Detailed usage of the Beautifulsoup module for python Crawlers

Keywords: Programming xml Python Attribute Fragment

What is beautifulsoup:

Is a Python library that can extract data from HTML or XML files.It enables you to navigate, find, and modify commonly used documents through your favorite converter.(Official)

beautifulsoup is a parser that parses content specifically, eliminating the hassle of writing regular expressions.

Here we are using bs4:

1. Import module:

from bs4 import beautifulsoup

2. Select a parser to parse the specified content:

Soup=beautifulsoup (parse content, parser)

Common parsers: html.parser,lxml,xml,html5lib

Sometimes you need to install an installation parser, such as pip3 install lxml

BeautifulSoup supports Python's standard HTML parsing libraries by default, but it also supports some third-party parsing libraries:

Differences between parsers (extracted from official documents here)

Beautiful Soup provides the same interface for different parsers, but the parser itself is different.The same document may be parsed by different parsers to produce tree documents with different structures.

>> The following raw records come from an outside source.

lemma hausdorff_dist_tetra_le_vertex_dist:
  "hausdorff_dist (tetra P) (tetra Q) \<le> vertex_dist P Q"
proof -
  let ?F = "(\<lambda>p. Max ((\<lambda>i. norm (P i - Q (p i))) ` {1..4})) ` {p. p permutes {1..4::nat}}"
  have "vertex_dist P Q \<in> ?F"
    unfolding vertex_dist_def using finite_permutations permutes_id by (intro Min_in) blast+
  then obtain p where p: "p permutes {1..4}"
    and vd: "vertex_dist P Q = Max ((\<lambda>i. norm (P i - Q (p i))) ` {1..4})" by blast
  have "tetra Q = convex hull ((Q \<circ> p) ` {1..4})"
    unfolding tetra_def image_comp[symmetric] permutes_image[OF p] ..
  then show ?thesis
    unfolding vd tetra_def using hausdorff_dist_convex_hull_le[of "{1..4::nat}" P "Q \<circ> p"] by simp
qed

lemma vertex_dist_le_assignment:
  assumes "inj_on f {1..4}" "f ` {1..4} \<subseteq> {1..4}" "\<And>i. i \<in> {1..4} \<Longrightarrow> norm (P i - Q (f i)) \<le> M"
  shows "vertex_dist P Q \<le> M"
proof -
  define p where "p i = (if i \<in> {1..4::nat} then f i else i)" for i
  have "inj_on p {1..4}" "p ` {1..4} \<subseteq> {1..4}"
    using assms(1,2) by (auto simp: p_def inj_on_def)
  then have "bij_betw p {1..4} {1..4}" by (simp add: bij_betw_def endo_inj_surj)
  then have "p permutes {1..4}" by (rule bij_imp_permutes) (simp add: p_def del: atLeastAtMost_iff)
  then have "vertex_dist P Q \<le> Max ((\<lambda>i. norm (P i - Q (p i))) ` {1..4})"
    unfolding vertex_dist_def using finite_permutations by (intro Min_le) blast+
  also have "\<dots> \<le> M" using assms(3) by (simp add: p_def)
  finally show ?thesis .
qed

lemma vertex_dist_tetra_le_diameter:
  assumes "tetra P \<subseteq> ball 0 R" "tetra Q \<subseteq> ball 0 R"
  shows "vertex_dist P Q \<le> 2 * R"
proof (rule vertex_dist_le_assignment[of id])
  fix i :: nat assume "i \<in> {1..4}"
  then show "norm (P i - Q (id i)) \<le> 2 * R"
    using tetra_vertex_in_ball[OF assms(1)] tetra_vertex_in_ball[OF assms(2)]
      norm_triangle_ineq4[of "P i" "Q i"] by fastforce
qed auto


lemma tetra_vertex_near_vertex:
  assumes "tetra_vertices P" "tetra P \<subseteq> ball 0 R" "r > 0" "ball c r \<subseteq> tetra P" "i \<in> {1..4}"
  shows "\<exists>j\<in>{1..4}. norm (P i - Q j)
           \<le> hausdorff_dist (tetra P) (tetra Q) * (1 + 4 * R / r)"
proof -
  have "dist (P i) (P k) \<le> 2 * R" if "k \<in> {1..4}" for k
    using tetra_vertex_in_ball[OF assms(2) assms(5)] tetra_vertex_in_ball[OF assms(2) that]
      norm_triangle_ineq4[of "P i" "P k"] by (simp add: dist_norm)
  then have "\<And>u. u \<in> P ` {1..4} \<Longrightarrow> dist (P i) u \<le> 2 * R" by blast
  then obtain w where "w \<in> Q ` {1..4}"
    and "dist (P i) w \<le> hausdorff_dist (tetra P) (tetra Q) * (1 + 2 * (2 * R) / r)"
    using simplex_vertex_near_vertex[of "P ` {1..4}" "Q ` {1..4}" "P i" r c "2 * R"] assms
    unfolding tetra_vertices_def tetra_def by auto
  then show ?thesis by (auto simp: dist_norm)
qed

lemma vertex_dist_le_hausdorff_dist_tetra:
  assumes "tetra_vertices P" "tetra P \<subseteq> ball 0 R" "tetra Q \<subseteq> ball 0 R"
    and "0 < r1" "r1 < r" "ball c r \<subseteq> tetra P"
  shows "vertex_dist P Q \<le> (1 + 4 * R / r1)\<^sup>2 * hausdorff_dist (tetra P) (tetra Q)"
proof -
  define d where "d = hausdorff_dist (tetra P) (tetra Q)"
  define C where "C = 1 + 4 * R / r1"
  have "R > 0" using assms(2) by (rule radius_pos_of_tetra_subset_ball)
  then have C: "C \<ge> 1" "4 * R / r1 \<le> C" using assms(4) by (simp_all add: C_def)
  have "P 1 \<in> tetra P" unfolding tetra_def by (intro hull_inc) auto
  then have d: "d \<ge> 0"
    unfolding d_def tetra_def
    by (meson infdist_nonneg infdist_le_hausdorff_dist order_trans compact_convex_hull
        finite_imp_compact finite_imageI finite_atLeastAtMost)
  have "4 * R / r \<le> 4 * R / r1" using \<open>R > 0\<close> assms(4,5) by (simp add: frac_le)
  then have "d * (1 + 4 * R / r) \<le> d * C" unfolding C_def using d by (simp add: mult_left_mono)
  then have "\<forall>i\<in>{1..4}. \<exists>j\<in>{1..4}. norm (P i - Q j) \<le> d * C"
    using tetra_vertex_near_vertex[OF assms(1,2) _ assms(6)] assms(4,5) unfolding d_def
    by (meson less_trans order_trans)
  then obtain f where f: "\<And>i. i \<in> {1..4} \<Longrightarrow> f i \<in> {1..4} \<and> norm (P i - Q (f i)) \<le> d * C"
    by metis
  show ?thesis
  proof (cases "2 * (d * C) < r1")
    case True
    have "inj_on f {1..4}"
    proof (rule inj_onI, rule ccontr)
      fix i k assume ik: "i \<in> {1..4}" "k \<in> {1..4}" "f i = f k" "i \<noteq> k"
      have "P i \<noteq> P k" using assms(1) ik by (auto simp: tetra_vertices_def inj_on_def)
      then have "r \<le> dist (P i) (P k)"
        using simplex_vertices_separated[of "P ` {1..4}" "P i" "P k" r c] assms ik
        unfolding tetra_vertices_def tetra_def by auto
      also have "\<dots> \<le> norm (P i - Q (f i)) + norm (P k - Q (f k))"
        using ik(3) norm_triangle_ineq4[of "P i - Q (f i)" "P k - Q (f k)"] by (simp add: dist_norm)
      also have "\<dots> \<le> 2 * (d * C)" using f[OF ik(1)] f[OF ik(2)] by linarith
      finally show False using True assms(5) by linarith
    qed
    then have "vertex_dist P Q \<le> d * C"
      using f by (intro vertex_dist_le_assignment) auto
    also have "\<dots> = d * C * 1" by simp
    also have "\<dots> \<le> d * C * C" using C d by (intro mult_left_mono) auto
    finally show ?thesis unfolding C_def d_def by (simp add: power2_eq_square mult_ac)
  next
    case False
    have "vertex_dist P Q \<le> 2 * R" using assms(2,3) by (rule vertex_dist_tetra_le_diameter)
    also have "\<dots> = r1 * (2 * R / r1)" using assms(4) by simp
    also have "\<dots> \<le> 2 * (d * C) * (2 * R / r1)"
      using False \<open>R > 0\<close> assms(4) by (intro mult_right_mono) auto
    also have "\<dots> = d * C * (4 * R / r1)" by simp
    also have "\<dots> \<le> d * C * C" using C d by (intro mult_left_mono) auto
    finally show ?thesis unfolding C_def d_def by (simp add: power2_eq_square mult_ac)
  qed
qed

theorem mainTheorem5:
  shows "(\<forall>P0 P1. tetra_vertices P0 \<and> tetra_vertices P1 \<longrightarrow>
            hausdorff_dist (tetra P0) (tetra P1) \<le> vertex_dist P0 P1)
       \<and> (\<forall>R r1::real. 0 < r1 \<longrightarrow> (\<exists>A1>0. \<forall>P0 P1.
            tetra_vertices P0 \<and> tetra_vertices P1 \<and>
            tetra P0 \<subseteq> ball 0 R \<and> tetra P1 \<subseteq> ball 0 R \<and>
            inradius (tetra P0) > r1 \<and> inradius (tetra P1) > r1 \<longrightarrow>
            vertex_dist P0 P1 \<le> A1 * hausdorff_dist (tetra P0) (tetra P1)))"
proof (intro conjI allI impI)
  fix P0 P1
  show "hausdorff_dist (tetra P0) (tetra P1) \<le> vertex_dist P0 P1"
    by (rule hausdorff_dist_tetra_le_vertex_dist)
next
  fix R r1 :: real
  assume r1: "0 < r1"
  show "\<exists>A1>0. \<forall>P0 P1.
            tetra_vertices P0 \<and> tetra_vertices P1 \<and>
            tetra P0 \<subseteq> ball 0 R \<and> tetra P1 \<subseteq> ball 0 R \<and>
            inradius (tetra P0) > r1 \<and> inradius (tetra P1) > r1 \<longrightarrow>
            vertex_dist P0 P1 \<le> A1 * hausdorff_dist (tetra P0) (tetra P1)"
  proof (intro exI[of _ "(1 + 4 * \<bar>R\<bar> / r1)\<^sup>2"] conjI allI impI)
    show "0 < (1 + 4 * \<bar>R\<bar> / r1)\<^sup>2" using r1 by (intro zero_less_power add_pos_nonneg) auto
    fix P0 P1 assume H: "tetra_vertices P0 \<and> tetra_vertices P1 \<and>
            tetra P0 \<subseteq> ball 0 R \<and> tetra P1 \<subseteq> ball 0 R \<and>
            inradius (tetra P0) > r1 \<and> inradius (tetra P1) > r1"
    then obtain r c where "r1 < r" "ball c r \<subseteq> tetra P0"
      using inradius_gtE interior_tetra_nonempty by metis
    moreover have "\<bar>R\<bar> = R" using H radius_pos_of_tetra_subset_ball[of P0 R] by simp
    ultimately show "vertex_dist P0 P1 \<le> (1 + 4 * \<bar>R\<bar> / r1)\<^sup>2 * hausdorff_dist (tetra P0) (tetra P1)"
      using vertex_dist_le_hausdorff_dist_tetra[of P0 R P1 r1 r c] H r1 by simp
  qed
qed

The biggest difference is between an HTML parser and an XML parser. See the following fragment parsed into an HTML structure:

BeautifulSoup("<a><b /></a>")
# <html><head></head><body><a></a></body></html>

Because the empty tag <b /> does not conform to the HTML standard, the parser parses it into

The same document is parsed using XML as follows (parsing XML requires installing the lxml library).Note that the empty tag <b /> is still retained, and the document is preceded by an XML header instead of being included in the <html>tag:

BeautifulSoup("<a><b /></a>", "xml")
# <?xml version="1.0" encoding="utf-8"?>
# <a><b/></a>

There are also differences between HTML parsers. If the HTML document being parsed is in a standard format, there is no difference between the parsers except that the parsing speed is different and the result will return the correct document tree.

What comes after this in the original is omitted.